(Collected data entries)

————————

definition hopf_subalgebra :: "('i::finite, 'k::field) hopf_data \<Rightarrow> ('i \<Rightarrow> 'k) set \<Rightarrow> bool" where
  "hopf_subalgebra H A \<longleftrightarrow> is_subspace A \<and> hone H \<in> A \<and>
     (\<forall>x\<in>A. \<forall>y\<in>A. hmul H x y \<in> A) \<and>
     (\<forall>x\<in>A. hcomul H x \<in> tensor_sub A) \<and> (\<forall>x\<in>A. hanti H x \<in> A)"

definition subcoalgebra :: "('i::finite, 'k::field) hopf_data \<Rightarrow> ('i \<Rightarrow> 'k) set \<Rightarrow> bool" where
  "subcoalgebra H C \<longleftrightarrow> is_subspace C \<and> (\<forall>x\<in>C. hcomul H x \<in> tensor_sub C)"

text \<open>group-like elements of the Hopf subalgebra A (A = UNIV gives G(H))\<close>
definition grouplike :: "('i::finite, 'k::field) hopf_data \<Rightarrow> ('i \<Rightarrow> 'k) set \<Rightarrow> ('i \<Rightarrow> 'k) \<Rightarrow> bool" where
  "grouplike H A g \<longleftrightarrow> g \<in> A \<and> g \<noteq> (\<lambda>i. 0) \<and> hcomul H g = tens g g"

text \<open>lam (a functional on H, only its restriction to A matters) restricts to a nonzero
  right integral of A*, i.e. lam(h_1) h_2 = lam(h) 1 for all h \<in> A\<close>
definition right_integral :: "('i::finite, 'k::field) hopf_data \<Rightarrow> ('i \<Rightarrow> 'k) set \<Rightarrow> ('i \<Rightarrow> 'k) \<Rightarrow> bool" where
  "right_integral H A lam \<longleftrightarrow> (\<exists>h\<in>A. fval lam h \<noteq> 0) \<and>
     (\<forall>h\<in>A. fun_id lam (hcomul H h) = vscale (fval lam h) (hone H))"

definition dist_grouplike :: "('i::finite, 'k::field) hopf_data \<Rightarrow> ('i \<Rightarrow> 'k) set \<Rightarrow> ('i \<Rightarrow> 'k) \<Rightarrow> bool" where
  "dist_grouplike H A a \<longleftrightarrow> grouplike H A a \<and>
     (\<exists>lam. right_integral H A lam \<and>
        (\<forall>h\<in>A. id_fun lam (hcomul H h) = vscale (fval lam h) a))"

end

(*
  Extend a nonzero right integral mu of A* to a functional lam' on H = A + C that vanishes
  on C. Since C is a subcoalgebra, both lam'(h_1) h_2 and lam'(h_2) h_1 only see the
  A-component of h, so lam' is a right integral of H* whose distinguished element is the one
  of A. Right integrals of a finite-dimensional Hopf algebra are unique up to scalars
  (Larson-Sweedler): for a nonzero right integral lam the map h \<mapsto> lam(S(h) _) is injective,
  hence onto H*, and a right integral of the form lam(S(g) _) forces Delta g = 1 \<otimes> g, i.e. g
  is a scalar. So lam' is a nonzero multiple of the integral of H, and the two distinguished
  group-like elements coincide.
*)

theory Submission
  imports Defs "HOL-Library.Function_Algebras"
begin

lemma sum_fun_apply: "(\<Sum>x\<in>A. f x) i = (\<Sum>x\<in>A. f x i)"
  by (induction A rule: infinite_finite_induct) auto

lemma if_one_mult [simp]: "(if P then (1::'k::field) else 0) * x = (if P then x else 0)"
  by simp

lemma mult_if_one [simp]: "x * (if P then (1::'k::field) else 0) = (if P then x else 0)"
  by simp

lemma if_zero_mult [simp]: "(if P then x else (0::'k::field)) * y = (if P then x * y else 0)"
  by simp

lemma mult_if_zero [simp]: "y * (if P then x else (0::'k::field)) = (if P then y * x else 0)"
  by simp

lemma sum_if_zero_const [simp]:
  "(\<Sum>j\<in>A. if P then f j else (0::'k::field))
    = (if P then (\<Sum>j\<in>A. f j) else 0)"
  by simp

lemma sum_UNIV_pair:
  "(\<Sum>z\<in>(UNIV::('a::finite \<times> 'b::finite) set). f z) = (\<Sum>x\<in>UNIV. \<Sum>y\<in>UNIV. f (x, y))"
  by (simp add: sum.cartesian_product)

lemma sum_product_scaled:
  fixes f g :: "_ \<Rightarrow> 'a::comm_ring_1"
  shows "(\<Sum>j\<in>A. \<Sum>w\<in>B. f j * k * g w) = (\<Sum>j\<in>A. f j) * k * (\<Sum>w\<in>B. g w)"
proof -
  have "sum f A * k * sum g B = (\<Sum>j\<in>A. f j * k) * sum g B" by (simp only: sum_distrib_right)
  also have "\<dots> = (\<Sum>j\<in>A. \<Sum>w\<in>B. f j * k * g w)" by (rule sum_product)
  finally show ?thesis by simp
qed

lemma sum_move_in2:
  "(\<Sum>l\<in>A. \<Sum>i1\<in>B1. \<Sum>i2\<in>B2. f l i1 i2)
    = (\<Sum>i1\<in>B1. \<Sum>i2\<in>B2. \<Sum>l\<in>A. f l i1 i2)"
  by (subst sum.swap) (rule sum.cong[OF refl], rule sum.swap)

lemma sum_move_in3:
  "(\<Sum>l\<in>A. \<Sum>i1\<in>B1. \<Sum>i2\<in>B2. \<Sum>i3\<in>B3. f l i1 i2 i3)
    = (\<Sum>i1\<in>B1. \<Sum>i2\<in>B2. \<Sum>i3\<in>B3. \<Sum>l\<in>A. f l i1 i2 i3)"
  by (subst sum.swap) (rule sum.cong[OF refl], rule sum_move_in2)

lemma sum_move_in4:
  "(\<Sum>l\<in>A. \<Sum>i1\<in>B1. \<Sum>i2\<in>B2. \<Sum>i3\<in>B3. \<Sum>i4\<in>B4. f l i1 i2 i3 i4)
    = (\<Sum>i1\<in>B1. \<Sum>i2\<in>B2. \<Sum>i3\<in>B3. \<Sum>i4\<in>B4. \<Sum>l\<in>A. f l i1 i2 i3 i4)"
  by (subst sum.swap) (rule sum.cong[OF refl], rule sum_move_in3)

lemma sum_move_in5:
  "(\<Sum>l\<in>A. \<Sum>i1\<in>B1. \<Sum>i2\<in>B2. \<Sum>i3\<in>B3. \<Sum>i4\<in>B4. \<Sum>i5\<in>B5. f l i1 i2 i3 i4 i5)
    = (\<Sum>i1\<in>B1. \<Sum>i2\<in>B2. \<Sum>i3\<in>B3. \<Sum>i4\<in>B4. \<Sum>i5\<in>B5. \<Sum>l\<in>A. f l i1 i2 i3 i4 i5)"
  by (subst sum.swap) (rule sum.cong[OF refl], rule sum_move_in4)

————————

(Problem to work on): A single number is expected: how many lines in the records contain the string "hcomul".

(Output for this exercise): 5